A Unified Distributed Training Framework for Sparse Mixture-of-Experts Models

Date: February 27, 2026

Title: A Unified Distributed Training Framework for Sparse Mixture-of-Experts Models

Speaker: Yunxi Shen, Cornell University

Abstract: Scaling models to large sizes to improve performance has led a trend in deep learning, and sparsely activated Mixture-of-Expert (MoE) is a promising architecture to scale models. However, training MoE models in existing systems is expensive, mainly due to the All-to-All communication between layers.
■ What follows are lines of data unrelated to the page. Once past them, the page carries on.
(* Let $a,b,p,q$ be positive real numbers and consider the system of difference equations $$y_{n+1}=\frac{a z_n}{p+z_n}e^{-y_n},\qquad z_{n+1}=\frac{b y_n}{q+y_n}e^{-z_n},\qquad n=0,1,2,\dots$$ with nonnegative initial values $y_0,z_0$. Then: (i) the system always has the zero equilibrium $(0,0)$; (ii) if $\frac{ab}{pq}>1$, then the system has a unique positive equilibrium.
   Context: An equilibrium of the system is a pair $(\bar y,\bar z)$ with $\bar y=\frac{a\bar z}{p+\bar z}e^{-\bar y}$ and $\bar z=\frac{b\bar y}{q+\bar y}e^{-\bar z}$; it is positive if $\bar y>0$ and $\bar z>0$. *)

theory Defs
  imports Complex_Main
begin

definition equilibrium :: "real \<Rightarrow> real \<Rightarrow> real \<Rightarrow> real \<Rightarrow> real \<Rightarrow> real \<Rightarrow> bool" where
  "equilibrium a b p q y z \<longleftrightarrow>
     y = a * z / (p + z) * exp (- y) \<and> z = b * y / (q + y) * exp (- z)"

definition positive_equilibrium :: "real \<Rightarrow> real \<Rightarrow> real \<Rightarrow> real \<Rightarrow> real \<Rightarrow> real \<Rightarrow> bool" where
  "positive_equilibrium a b p q y z \<longleftrightarrow> equilibrium a b p q y z \<and> y > 0 \<and> z > 0"

end

theory Submission
  imports Defs
begin

text \<open>Clearing denominators, the first equilibrium equation says z (a - y e^y) = p y e^y.
  For y, z > 0 this forces y e^y < a and z = y r(y) with r(y) = p e^y / (a - y e^y), and
  then, after division by y, the second equation becomes \<phi>(y) = b with
  \<phi>(y) = r(y) e^(y r(y)) (q + y); here r = nullcline_slope a p and \<phi> = reduced_map a p q. On the interval where y e^y < a the function r is
  positive and increasing, hence so is \<phi>; moreover \<phi>(0) = p q / a and \<phi>(y) blows up as
  y e^y approaches a. So \<phi>(y) = b has exactly one positive root when a b / (p q) > 1.\<close>

definition nullcline_slope :: "real \<Rightarrow> real \<Rightarrow> real \<Rightarrow> real" where
  "nullcline_slope a p y = p * exp y / (a - y * exp y)"

definition reduced_map :: "real \<Rightarrow> real \<Rightarrow> real \<Rightarrow> real \<Rightarrow> real" where
  "reduced_map a p q y = nullcline_slope a p y * exp (y * nullcline_slope a p y) * (q + y)"

lemma mul_exp_strict_mono: "strict_mono_on {0::real..} (\<lambda>x. x * exp x)"
  by (rule strict_mono_onI) (auto intro: mult_strict_mono)

lemma exists_mul_exp_eq:
  fixes c :: real
  assumes "0 \<le> c"
  shows "\<exists>x\<ge>0. x * exp x = c"
proof -
  have "c \<le> c * exp c"
    using mult_left_mono[of 1 "exp c" c] assms by simp
  then have "\<exists>x\<ge>0. x \<le> c \<and> x * exp x = c"
    using assms by (intro IVT') (auto intro!: continuous_intros)
  then show ?thesis
    by blast
qed

lemma nullcline_slope_pos:
  assumes "0 < p" "y * exp y < a"
  shows "0 < nullcline_slope a p y"
  using assms by (simp add: nullcline_slope_def)

lemma nullcline_slope_strict_mono:
  assumes "0 < p"
  shows "strict_mono_on {y. 0 \<le> y \<and> y * exp y < a} (nullcline_slope a p)"
proof (rule strict_mono_onI)
  fix y y' :: real
  assume y: "y \<in> {y. 0 \<le> y \<and> y * exp y < a}" and y': "y' \<in> {y. 0 \<le> y \<and> y * exp y < a}"
    and "y < y'"
  then have "y * exp y < y' * exp y'"
    using strict_mono_onD[OF mul_exp_strict_mono] by auto
  then have denom: "0 < a - y' * exp y'" "a - y' * exp y' < a - y * exp y"
    using y' by auto
  have "p * exp y / (a - y * exp y) < p * exp y' / (a - y * exp y)"
    using \<open>y < y'\<close> assms denom by (simp add: divide_strict_right_mono)
  also have "\<dots> \<le> p * exp y' / (a - y' * exp y')"
    using assms denom by (intro divide_left_mono) auto
  finally show "nullcline_slope a p y < nullcline_slope a p y'"
    by (simp add: nullcline_slope_def)
qed

lemma reduced_map_strict_mono:
  assumes "0 < p" "0 < q"
  shows "strict_mono_on {y. 0 \<le> y \<and> y * exp y < a} (reduced_map a p q)"
proof (rule strict_mono_onI)
  fix y y' :: real
  assume y: "y \<in> {y. 0 \<le> y \<and> y * exp y < a}" and y': "y' \<in> {y. 0 \<le> y \<and> y * exp y < a}"
    and "y < y'"
  let ?r = "nullcline_slope a p"
  have r: "?r y < ?r y'" "0 < ?r y"
    using strict_mono_onD[OF nullcline_slope_strict_mono[OF assms(1)] y y' \<open>y < y'\<close>]
      nullcline_slope_pos[OF assms(1)] y by auto
  have "y * ?r y < y' * ?r y'"
    using r y \<open>y < y'\<close> by (intro mult_strict_mono) auto
  then have growth: "?r y * exp (y * ?r y) < ?r y' * exp (y' * ?r y')"
    using r by (intro mult_strict_mono) auto
  have "0 < ?r y * exp (y * ?r y)"
    using r by simp
  then show "reduced_map a p q y < reduced_map a p q y'"
    unfolding reduced_map_def using growth y \<open>y < y'\<close> assms
    by (intro mult_strict_mono[OF growth]) auto
qed

lemma reduced_map_lower_bound:
  assumes "0 < p" "0 < q" "0 \<le> y" "y * exp y < a"
  shows "p * q / (a - y * exp y) \<le> reduced_map a p q y"
proof -
  let ?r = "nullcline_slope a p y"
  have "0 < ?r"
    using assms by (simp add: nullcline_slope_pos)
  have "p * q / (a - y * exp y) \<le> ?r * q"
    using assms by (simp add: nullcline_slope_def divide_right_mono)
  also have "\<dots> \<le> ?r * exp (y * ?r) * (q + y)"
    using \<open>0 < ?r\<close> assms by (intro mult_mono) auto
  finally show ?thesis
    by (simp add: reduced_map_def)
qed

lemma reduced_map_eq_solvable:
  assumes "0 < a" "0 < p" "0 < q" "p * q / a < b"
  shows "\<exists>y>0. y * exp y < a \<and> reduced_map a p q y = b"
proof -
  have "0 < p * q / a"
    using assms by simp
  then have "0 < b"
    using assms(4) by linarith
  have "p * q < a * b"
    using assms by (simp add: field_simps)
  then have "p * q / (2 * b) < a"
    using mult_pos_pos[OF assms(1) \<open>0 < b\<close>] \<open>0 < b\<close> by (simp add: field_simps)
  then obtain y\<^sub>1 where y\<^sub>1: "0 \<le> y\<^sub>1" "y\<^sub>1 * exp y\<^sub>1 = a - p * q / (2 * b)"
    using exists_mul_exp_eq[of "a - p * q / (2 * b)"] assms \<open>0 < b\<close> by auto
  have "reduced_map a p q 0 < b"
    using assms by (simp add: reduced_map_def nullcline_slope_def)
  moreover have "b < reduced_map a p q y\<^sub>1"
  proof -
    have "p * q / (a - y\<^sub>1 * exp y\<^sub>1) = 2 * b"
      using y\<^sub>1 assms \<open>0 < b\<close> by simp
    then show ?thesis
      using reduced_map_lower_bound[OF assms(2,3) y\<^sub>1(1), of a] y\<^sub>1 assms \<open>0 < b\<close> by simp
  qed
  moreover have below: "y * exp y < a" if "y \<in> {0..y\<^sub>1}" for y
  proof -
    have "y * exp y \<le> y\<^sub>1 * exp y\<^sub>1"
      using that y\<^sub>1(1) by (intro strict_mono_on_leD[OF mul_exp_strict_mono]) auto
    moreover have "0 < p * q / (2 * b)"
      using assms \<open>0 < b\<close> by simp
    ultimately show ?thesis
      using y\<^sub>1 by linarith
  qed
  then have "continuous_on {0..y\<^sub>1} (reduced_map a p q)"
    unfolding reduced_map_def nullcline_slope_def by (intro continuous_intros) force+
  ultimately obtain y where y: "0 \<le> y" "y \<le> y\<^sub>1" "reduced_map a p q y = b"
    using IVT'[of "reduced_map a p q" 0 b y\<^sub>1] y\<^sub>1 by auto
  moreover have "y \<noteq> 0"
    using y \<open>reduced_map a p q 0 < b\<close> by auto
  ultimately show ?thesis
    using below[of y] by (intro exI[of _ y]) simp
qed

lemma eq_times_exp_minus_iff:
  fixes x c :: real
  shows "x = c * exp (- x) \<longleftrightarrow> x * exp x = c"
proof -
  have "x = c * exp (- x) \<longleftrightarrow> x * exp x = c * exp (- x) * exp x"
    by (rule mult_right_cancel[symmetric]) simp
  also have "c * exp (- x) * exp x = c"
    by (simp add: mult.assoc flip: exp_add)
  finally show ?thesis .
qed

lemma equilibrium_iff_cleared:
  assumes "0 < p + z" "0 < q + y"
  shows "equilibrium a b p q y z \<longleftrightarrow> y * exp y * (p + z) = a * z \<and> z * exp z * (q + y) = b * y"
  unfolding equilibrium_def eq_times_exp_minus_iff using assms by (simp add: eq_divide_eq)

lemma positive_equilibrium_iff:
  assumes "0 < a" "0 < b" "0 < p" "0 < q"
  shows "positive_equilibrium a b p q y z \<longleftrightarrow>
    0 < y \<and> y * exp y < a \<and> z = y * nullcline_slope a p y \<and> reduced_map a p q y = b"
proof (cases "0 < y \<and> 0 < z")
  case True
  then have "equilibrium a b p q y z \<longleftrightarrow>
      z * (a - y * exp y) = p * y * exp y \<and> z * exp z * (q + y) = b * y"
    using assms by (auto simp add: equilibrium_iff_cleared algebra_simps)
  also have "\<dots> \<longleftrightarrow> y * exp y < a \<and> z = y * nullcline_slope a p y \<and> reduced_map a p q y = b"
  proof
    assume eqs: "z * (a - y * exp y) = p * y * exp y \<and> z * exp z * (q + y) = b * y"
    \<comment> \<open>the right-hand side of the first equation is positive, hence so is a - y e^y\<close>
    then have "y * exp y < a"
      using True assms by (smt (verit) exp_gt_zero mult_nonneg_nonpos mult_pos_pos)
    moreover from this have z: "z = y * nullcline_slope a p y"
      using eqs by (simp add: nullcline_slope_def field_simps)
    moreover have "y * reduced_map a p q y = z * exp z * (q + y)"
      by (simp add: reduced_map_def z algebra_simps)
    then have "reduced_map a p q y = b"
      using eqs True by (simp add: mult.commute)
    ultimately show "y * exp y < a \<and> z = y * nullcline_slope a p y \<and> reduced_map a p q y = b"
      using True by simp
  next
    assume "y * exp y < a \<and> z = y * nullcline_slope a p y \<and> reduced_map a p q y = b"
    then have "a - y * exp y \<noteq> 0" and z: "z = y * nullcline_slope a p y"
      and "reduced_map a p q y = b"
      by auto
    moreover have "z * exp z * (q + y) = y * reduced_map a p q y"
      by (simp add: reduced_map_def z algebra_simps)
    ultimately show "z * (a - y * exp y) = p * y * exp y \<and> z * exp z * (q + y) = b * y"
      by (simp add: nullcline_slope_def)
  qed
  finally show ?thesis
    using True by (simp add: positive_equilibrium_def)
next
  case False
  then show ?thesis
    using assms by (auto simp add: positive_equilibrium_def nullcline_slope_pos)
qed

theorem theorem3p1:
  fixes a b p q :: real
  assumes "a > 0" and "b > 0" and "p > 0" and "q > 0"
  shows "equilibrium a b p q 0 0 \<and>
         (a * b / (p * q) > 1 \<longrightarrow> (\<exists>!yz. positive_equilibrium a b p q (fst yz) (snd yz)))"
proof
  show "equilibrium a b p q 0 0"
    by (simp add: equilibrium_def)
  show "a * b / (p * q) > 1 \<longrightarrow> (\<exists>!yz. positive_equilibrium a b p q (fst yz) (snd yz))"
  proof
    assume "a * b / (p * q) > 1"
    then have "p * q / a < b"
      using assms by (simp add: field_simps)
    then obtain y where y: "0 < y" "y * exp y < a" "reduced_map a p q y = b"
      using reduced_map_eq_solvable assms by blast
    note char = positive_equilibrium_iff[OF assms]
    show "\<exists>!yz. positive_equilibrium a b p q (fst yz) (snd yz)"
    proof (rule ex1I[of _ "(y, y * nullcline_slope a p y)"])
      show "positive_equilibrium a b p q (fst (y, y * nullcline_slope a p y))
          (snd (y, y * nullcline_slope a p y))"
        using y char by simp
    next
      fix yz :: "real \<times> real"
      assume "positive_equilibrium a b p q (fst yz) (snd yz)"
      then have "fst yz = y" "snd yz = y * nullcline_slope a p y"
        using strict_mono_on_eqD[OF reduced_map_strict_mono[OF assms(3,4), where a = a], of y "fst yz"] y
        by (auto simp add: char)
      then show "yz = (y, y * nullcline_slope a p y)"
        by (simp add: prod_eq_iff)
    qed
  qed
qed

end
All-to-All communication originates from expert-centric paradigm: keeping experts in-place and exchanging intermediate data to feed experts. We propose the novel data-centric paradigm: keeping data in-place and moving experts between GPUs. Since experts' size can be smaller than the size of data, data-centric paradigm can reduce communication workload. Based on this insight, we develop Janus. First, Janus supports fine-grained asynchronous communication, which can overlap computation and communication. Janus implements a hierarchical communication to further reduce cross-node traffic by sharing the fetched experts in the same machine. Second, when scheduling the "fetching expert" requests, Janus implements a topology-aware priority strategy to utilize intra-node and inter-node links efficiently. Finally, Janus allows experts to be prefetched, which allows the downstream computation to start immediately once the previous step completes.

Evaluated on a 32-A100 cluster, Janus can reduce the traffic up to 16? and achieves up to 2.06? speedup compared with current MoE training system.

Bio: Yunxi Shen is a second-year computer science Ph.D. student in Cornell Bowers, advised by Prof. Hakim Weatherspoon. His research focuses on data center networking and ML systems.